UPDATE 25-Jan-2013: Nova ran a program on 23-Jan-2013 (Rise of the Drones) which talks about ARGUS-IS.  They present Yiannis Antoniades of BAE systems as the inventor, which suggests I have the relationship between BAE and ObjectVideo wrong in my description above.  They also say something stupid about a million terabytes of data per mission, which is BS: if the camera runs for 16 hours the 368 sensors generate 2,000 terabytes of raw data.

They also say that the ARGUS-IS stores the entire flight's worth of data.  I don't think they're doing that at 12 hertz, certainly not on 160 GB drives.  They've got 32 laptop drives in the system (one per single board computer).  If those store 300 GB apiece, that's 10 terabytes of total storage.  16 hours of storage would require 0.05 bits/pixel -- no way without actual video compression.  The JPEG2000 compressor chips are more likely to deliver at best 0.2 bits/pixel, which means they might be storing one of every four frames.

UPDATE 27-Jan-2013: An alert reader (thanks mgc!) sent in this article from the April/May 2011 edition of Science and Technology Review, which is the Lawrence Livermore National Laboratory's own magazine.  It has a bunch of helpful hints, including this non-color-balanced picture from ARGUS-IS which lets you see the 368 sensor array that they ended up with.  It is indeed a 24 x 18 array with 16 sensors missing from each corner, just as I had hypothesized.
The article mentions something else as well: the Persistics software appears to do some kind of super-resolution by combining information from multiple video frames of the same nearly static scene.  They didn't mention the other two big benefits of such a scheme: dynamic range improvement and noise reduction (hence better compression).  With software like this, the system can benefit from increasing the focal plane to 3.8 gigapixels by using the new sensor with 1.66 micron pixels.  As I said above, if the lens is f/3.5 to f/4.0 lens they won't get any more spatial frequency information out of it with the smaller pixels, but they will pick up phase information.  Combine that with some smart super-resolution software and they ought to be able to find smaller details.  Question though: why not just go to the MT9F002, which gives you 14 million 1.4 micron pixels?  This is a really nice, fast sensor -- I've used it myself.

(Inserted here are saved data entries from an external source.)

(* Let $\mathcal{H}$ be a Hilbert space, $\mathbb{S}_{1/2}=\{z\in\mathbb{C}: 0<\mathrm{Im}\,z<1/2\}$, and let $A:\overline{\mathbb{S}_{1/2}}\to B(\mathcal{H})$ be a norm-bounded map that is continuous in the strong operator topology and analytic on $\mathbb{S}_{1/2}$. Let $A_0\in B(\mathcal{H})$ be such that $\lim_{t\to-\infty}A(t)=\lim_{t\to-\infty}A(t+\tfrac{i}{2})=A_0$ in the strong operator topology. Then for every $\psi\in\mathcal{H}$, $\lim_{t\to-\infty}\|A(t+iy)\psi-A_0\psi\|=0$ uniformly in $y\in[0,\tfrac12]$.
   Context: Analyticity of an operator-valued function may be taken in the norm, strong or weak operator topology (these are equivalent). *)

theory Defs
  imports "HOL-Analysis.Analysis"
begin

text \<open>The distribution only has real inner product spaces,
so we add a complex scalar multiplication compatible with the real one and with the
norm. A complex normed space whose norm comes from a (real) inner product is exactly
a complex inner product space (polarization), so together with completeness this
class is the class of complex Hilbert spaces.\<close>

class complex_inner_space = real_inner +
  fixes scaleC :: "complex \<Rightarrow> 'a \<Rightarrow> 'a" (infixr \<open>*\<^sub>C\<close> 75)
  assumes scaleC_add_right: "a *\<^sub>C (x + y) = a *\<^sub>C x + a *\<^sub>C y"
    and scaleC_add_left: "(a + b) *\<^sub>C x = a *\<^sub>C x + b *\<^sub>C x"
    and scaleC_scaleC: "a *\<^sub>C (b *\<^sub>C x) = (a * b) *\<^sub>C x"
    and scaleC_one: "1 *\<^sub>C x = x"
    and scaleC_of_real: "complex_of_real r *\<^sub>C x = r *\<^sub>R x"
    and norm_scaleC: "norm (a *\<^sub>C x) = cmod a * norm x"
lemma kernel_minus_root_in_fh:
  assumes "simple_graph V E" "parabolic_component V E C" "is_degree E C d"
    and "elliptic_component V E S" "gform E S r r = -2"
  obtains e where "fh V E D (e, 0) (e, 0) = -2" "fh V E D (e, 0) hvec = d - sum r S"
    "\<And>y. gform E V e y = - gform E S r y"
proof -
  obtain k where k: "k \<in> lattice_ker E C" "d = sum k C"
    using assms(3) unfolding is_degree_def by blast
  have "component V E C" "component V E S"
    using assms(2,4) unfolding parabolic_component_def elliptic_component_def by auto
  note e = kernel_minus_root[OF assms(1) this
      elliptic_parabolic_components_disjoint[OF assms(1,2,4)] k(1) assms(5)]
  show ?thesis by (rule that) (use e k(2) in \<open>simp_all add: fh_ZGamma fh_ZGamma_hvec\<close>)
qed

lemma degree_notin_degree_set_elliptic:
  assumes "simple_graph V E" "admissible V E D" "parabolic_component V E C" "is_degree E C d"
    and "elliptic_component V E S"
  shows "d \<notin> degree_set E S"
proof
  assume "d \<in> degree_set E S"
  then obtain r where r: "d = sum r S" "gform E S r r = -2"
    unfolding degree_set_def by blast
  obtain e where "fh V E D (e, 0) (e, 0) = -2" "fh V E D (e, 0) hvec = d - sum r S"
    using kernel_minus_root_in_fh[OF assms(1,3,4,5) r(2)] by blast
  with r(1) assms(2) show False unfolding admissible_def by auto
qed

lemma degree_minus_one_notin_degree_set_elliptic:
  assumes "simple_graph V E" "saturated V E D" "parabolic_component V E C" "is_degree E C d"
    and "elliptic_component V E S"
  shows "d - 1 \<notin> degree_set E S"
proof
  assume "d - 1 \<in> degree_set E S"
  then obtain r where r: "d - 1 = sum r S" "gform E S r r = -2" "\<forall>v\<in>S. r v \<ge> 0"
    unfolding degree_set_def by blast
  obtain e where e: "fh V E D (e, 0) (e, 0) = -2" "fh V E D (e, 0) hvec = d - sum r S"
    "\<And>y. gform E V e y = - gform E S r y"
    using kernel_minus_root_in_fh[OF assms(1,3,4,5) r(2)] by blast
  have line: "fh V E D (e, 0) hvec = 1" using e(2) r(1) by simp
  obtain v where v: "v \<in> V" "\<And>f. fh V E D (e, 0) f = fh V E D (vvec v) f"
    using saturated_line_is_vertex[OF assms(2) e(1) line] by blast
  have "gform E V (basis_vec v) y = gform E V e y" for y
    using v(2)[of "(y, 0)"] by (simp add: vvec_eq_basis_vec fh_ZGamma)
  then have "gform E V (basis_vec v) y = - gform E S r y" for y
    using e(3) by simp
  then show False
    using basis_vec_pairing_ne_minus_nonneg[OF assms(1,5) v(1) r(3)] by blast
qed

theorem corollary3p4:
  fixes V :: "'a set" and E :: "'a \<Rightarrow> 'a \<Rightarrow> bool" and D d :: int and C S :: "'a set"
  assumes "simple_graph V E"
    and "D \<ge> 2"
    and "parabolic_graph V E"
    and "admissible V E D"
    and "parabolic_component V E C"
    and "is_degree E C d"
    and "elliptic_component V E S"
  shows "d \<notin> degree_set E S \<and> (saturated V E D \<longrightarrow> d - 1 \<notin> degree_set E S)"
  using degree_notin_degree_set_elliptic[OF assms(1,4-7)]
    degree_minus_one_notin_degree_set_elliptic[OF assms(1) _ assms(5-7)]
  by blast

end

The article also mentions 1000:1 video compression.  That's very good: for comparison, H.264 level 4 compresses 60 megapixels/second of HDTV into 20 megabits/second, which is 0.33 bits/pixel or 36:1 compression.  This isn't a great comparison, though, because Persistics runs on almost completely static content and H.264 has to deal with action movie sequences.  In any case, I think the Persistics compression is being used to archive ARGUS-IS flight data.  I don't think they are using this compression in the aircraft.